lemma sync_sat_Fin_not_union_closed:
  fixes p :: 'a
  defines "t1 \<equiv> \<lambda>n. if n = 0 then {p} else {}"
    and "t2 \<equiv> \<lambda>n. if n = 1 then {p} else {}"
  shows "sync_sat {t1} (Fin (Prop p))" "sync_sat {t2} (Fin (Prop p))"
    and "\<not> sync_sat ({t1} \<union> {t2}) (Fin (Prop p))"
proof -
  show "sync_sat {t1} (Fin (Prop p))"
    by (auto simp: t1_def suffix_def intro!: exI[of _ 0])
  show "sync_sat {t2} (Fin (Prop p))"
    by (auto simp: t2_def suffix_def intro!: exI[of _ 1])
  show "\<not> sync_sat ({t1} \<union> {t2}) (Fin (Prop p))"
  proof
    assume "sync_sat ({t1} \<union> {t2}) (Fin (Prop p))"
    then obtain k where "p \<in> t1 k" "p \<in> t2 k"
      by (auto simp: suffix_def)
    then show False
      by (simp add: t1_def t2_def split: if_splits)
  qed
qed

theorem mainTheorem1:
  fixes dummy :: "'a::finite"
  shows
   "(\<forall>\<phi>::'a ltl. sync_sat {} \<phi> \<and> async_sat {} \<phi>)
  \<and> (\<forall>(\<phi>::'a ltl) T T'. sync_sat T \<phi> \<and> T' \<subseteq> T \<longrightarrow> sync_sat T' \<phi>)
  \<and> (\<forall>(\<phi>::'a ltl) T T'. async_sat T \<phi> \<and> T' \<subseteq> T \<longrightarrow> async_sat T' \<phi>)
  \<and> (\<forall>(\<phi>::'a ltl) t. sync_sat {t} \<phi> \<longleftrightarrow> ltl_sat t \<phi>)
  \<and> (\<forall>(\<phi>::'a ltl) t. async_sat {t} \<phi> \<longleftrightarrow> ltl_sat t \<phi>)
  \<and> (\<forall>(\<phi>::'a ltl) T T'. async_sat T \<phi> \<and> async_sat T' \<phi> \<longrightarrow> async_sat (T \<union> T') \<phi>)
  \<and> (\<forall>(\<phi>::'a ltl) T. async_sat T \<phi> \<longleftrightarrow> (\<forall>t\<in>T. async_sat {t} \<phi>))
  \<and> (\<forall>(\<phi>::'a ltl) T. async_sat T \<phi> \<longleftrightarrow> (\<forall>t\<in>T. ltl_sat t \<phi>))
  \<and> (\<forall>p::'a.
       let t1 = (\<lambda>n::nat. if n = 0 then {p} else {});
           t2 = (\<lambda>n::nat. if n = 1 then {p} else {})
       in sync_sat {t1} (Fin (Prop p)) \<and> sync_sat {t2} (Fin (Prop p))
          \<and> \<not> sync_sat ({t1} \<union> {t2}) (Fin (Prop p)))"
proof -
  have counterexample:
    "let t1 = (\<lambda>n::nat. if n = 0 then {p} else {});
         t2 = (\<lambda>n::nat. if n = 1 then {p} else {})
     in sync_sat {t1} (Fin (Prop p)) \<and> sync_sat {t2} (Fin (Prop p))
        \<and> \<not> sync_sat ({t1} \<union> {t2}) (Fin (Prop p))" for p :: 'a
    unfolding Let_def by (intro conjI sync_sat_Fin_not_union_closed)
  show ?thesis
    unfolding async_sat_iff_ltl_sat
    using sync_sat_empty sync_sat_downward_closed sync_sat_singleton_iff counterexample
    by (intro conjI) blast+
qed

end
text \<open>Entry \<open>((i, k), (j, l))\<close> of the super tensor square \<open>M\<^sub>1 M\<^sub>2 = M \<otimes> M\<close> with its Koszul sign,
  and of \<open>N\<^sub>2 N\<^sub>1\<close>, which inverts \<open>M\<^sub>1 M\<^sub>2\<close> when \<open>N\<close> inverts \<open>M\<close>.\<close>

definition stensor_coeff :: "(nat \<Rightarrow> nat) \<Rightarrow> (nat \<Rightarrow> nat \<Rightarrow> 'r::ring_1) \<Rightarrow> nat \<Rightarrow> nat \<Rightarrow> nat \<Rightarrow> nat \<Rightarrow> 'r"
  where "stensor_coeff p M i k j l = (- 1) ^ (p j * (p k + p l)) * (M i j * M k l)"

definition stensor_rev_coeff :: "(nat \<Rightarrow> nat) \<Rightarrow> (nat \<Rightarrow> nat \<Rightarrow> 'r::ring_1) \<Rightarrow> nat \<Rightarrow> nat \<Rightarrow> nat \<Rightarrow> nat \<Rightarrow> 'r"
  where "stensor_rev_coeff p N i k j l = (- 1) ^ (p i * (p k + p l)) * (N k l * N i j)"

text \<open>\<open>super_manin K p M\<close> is the entrywise form of \<open>(1 - P) M\<^sub>1 M\<^sub>2 (1 + P) = 0\<close>, where \<open>P\<close> is the
  super flip of \<open>V \<otimes> V\<close> for the parity function \<open>p\<close>.\<close>

definition super_manin :: "nat \<Rightarrow> (nat \<Rightarrow> nat) \<Rightarrow> (nat \<Rightarrow> nat \<Rightarrow> 'r::ring_1) \<Rightarrow> bool"
  where "super_manin K p M \<longleftrightarrow> (\<forall>i<K. \<forall>k<K. \<forall>j<K. \<forall>l<K. manin_defect (stensor_coeff p M) p i k j l = 0)"

definition super_manin_rev :: "nat \<Rightarrow> (nat \<Rightarrow> nat) \<Rightarrow> (nat \<Rightarrow> nat \<Rightarrow> 'r::ring_1) \<Rightarrow> bool"
  where "super_manin_rev K p N \<longleftrightarrow> (\<forall>i<K. \<forall>k<K. \<forall>j<K. \<forall>l<K. manin_defect (stensor_rev_coeff p N) p i k j l = 0)"

lemma mprod_stensor_stensor_rev:
  fixes M N :: "nat \<Rightarrow> nat \<Rightarrow> 'r::ring_1"
  assumes MN: "\<And>i j. i < K \<Longrightarrow> j < K \<Longrightarrow> (\<Sum>l<K. M i l * N l j) = (if i = j then 1 else 0)"
  shows "mprod (pairs K) (pair_mat K (stensor_coeff p M)) (pair_mat K (stensor_rev_coeff p N)) = mone (pairs K)"
proof (intro ext)
  fix x z :: "nat \<times> nat"
  show "mprod (pairs K) (pair_mat K (stensor_coeff p M)) (pair_mat K (stensor_rev_coeff p N)) x z = mone (pairs K) x z"
  proof (cases "x \<in> pairs K \<and> z \<in> pairs K")
    case False
    then show ?thesis by (auto simp: mprod_def pair_mat_def mone_def)
  next
    case True
    then obtain i k j l where x: "x = (i, k)" and z: "z = (j, l)" and "i < K" "k < K" "j < K" "l < K"
      by (cases x; cases z) auto
    have sign: "(- 1) ^ (p a * (p k + p b) + p a * (p b + p l)) = ((- 1) ^ (p a * (p k + p l)) :: 'r)" for a b
    proof -
      have "p a * (p k + p b) + p a * (p b + p l) = p a * (p k + p l) + 2 * (p a * p b)"
        by (simp add: algebra_simps)
      then show ?thesis
        by (simp add: neg_one_power_parity_cong)
    qed
    have signs: "(- 1) ^ m * X * ((- 1) ^ n * Y) = (- 1) ^ (m + n) * (X * Y)" for m n and X Y :: 'r
      by (metis mult.assoc power_add neg_one_power_commute)
    have "mprod (pairs K) (pair_mat K (stensor_coeff p M)) (pair_mat K (stensor_rev_coeff p N)) x z
        = (\<Sum>a<K. \<Sum>b<K. (- 1) ^ (p a * (p k + p b)) * (M i a * M k b)
            * ((- 1) ^ (p a * (p b + p l)) * (N b l * N a j)))"
      using True by (simp add: x z mprod_def pair_mat_def stensor_coeff_def stensor_rev_coeff_def
          sum.cartesian_product split_def)
    also have "\<dots> = (\<Sum>a<K. \<Sum>b<K. (- 1) ^ (p a * (p k + p l)) * (M i a * (M k b * N b l) * N a j))"
      unfolding signs sign by (simp only: mult.assoc)
    also have "\<dots> = (\<Sum>a<K. (- 1) ^ (p a * (p k + p l)) * (M i a * (\<Sum>b<K. M k b * N b l) * N a j))"
      by (simp add: sum_distrib_left sum_distrib_right)
    also have "\<dots> = (if k = l then \<Sum>a<K. M i a * N a j else 0)"
      using MN[OF \<open>k < K\<close> \<open>l < K\<close>] by (simp add: neg_one_power_parity_cong[of _ 0])
    also have "\<dots> = mone (pairs K) x z"
      using MN[OF \<open>i < K\<close> \<open>j < K\<close>] True by (auto simp: x z mone_def)
    finally show ?thesis .
  qed
qed

lemma super_manin_rev_inverse:
  fixes M N :: "nat \<Rightarrow> nat \<Rightarrow> 'a::real_algebra_1 fps"
  assumes M: "const_id {..<K} M" "super_manin K p M"
    and MN: "\<And>i j. i < K \<Longrightarrow> j < K \<Longrightarrow> (\<Sum>l<K. M i l * N l j) = (if i = j then 1 else 0)"
  shows "super_manin_rev K p N"
proof -
  have "flip_sandwich K p (pair_mat K (stensor_rev_coeff p N)) = 0"
    unfolding flip_sandwich_def
  proof (rule projector_sandwich_inverse[OF _ vanishes_outside_pair_mat vanishes_outside_pair_mat
        vanishes_outside_super_flip mprod_stensor_stensor_rev[OF MN] super_flip_squared])
    show "pair_mat K (stensor_coeff p M) x z $ 0 = mone (pairs K) x z $ 0"
      if "x \<in> pairs K" "z \<in> pairs K" for x z
      using M(1) that unfolding const_id_def
      by (cases x; cases z) (auto simp: pair_mat_def stensor_coeff_def mone_def)
    show "mprod (pairs K) (mprod (pairs K) (mone (pairs K) - super_flip K p) (pair_mat K (stensor_coeff p M)))
        (mone (pairs K) + super_flip K p) = 0"
      using M(2) unfolding super_manin_def flip_sandwich_pair_mat_eq_0_iff[symmetric] flip_sandwich_def .
  qed simp
  then show ?thesis
    unfolding super_manin_rev_def flip_sandwich_pair_mat_eq_0_iff .
qed

section \<open>Transposing two adjacent indices\<close>

lemma fps_add_self_eq_0:
  fixes w :: "'a::real_algebra_1 fps"
  assumes "w + w = 0"
  shows "w = 0"
proof (rule fps_ext)
  fix n
  have "(2::real) *\<^sub>R w $ n = 0"
    using arg_cong[OF assms, of "\<lambda>f. f $ n"] by (simp add: scaleR_2)
  then show "w $ n = 0 $ n" by simp
qed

● Task to carry out:
Starting at the line with "by (cases x; cases z) (auto", copy every line down to the last one above, exactly as written and with nothing else.

● Task answer:
      by (cases x; cases z) (auto simp: pair_mat_def stensor_coeff_def mone_def)
    show "mprod (pairs K) (mprod (pairs K) (mone (pairs K) - super_flip K p) (pair_mat K (stensor_coeff p M)))
        (mone (pairs K) + super_flip K p) = 0"
      using M(2) unfolding super_manin_def flip_sandwich_pair_mat_eq_0_iff[symmetric] flip_sandwich_def .
  qed simp
  then show ?thesis
    unfolding super_manin_rev_def flip_sandwich_pair_mat_eq_0_iff .
qed

section \<open>Transposing two adjacent indices\<close>

lemma fps_add_self_eq_0:
  fixes w :: "'a::real_algebra_1 fps"
  assumes "w + w = 0"
  shows "w = 0"
proof (rule fps_ext)
  fix n
  have "(2::real) *\<^sub>R w $ n = 0"
    using arg_cong[OF assms, of "\<lambda>f. f $ n"] by (simp add: scaleR_2)
  then show "w $ n = 0 $ n" by simp
qed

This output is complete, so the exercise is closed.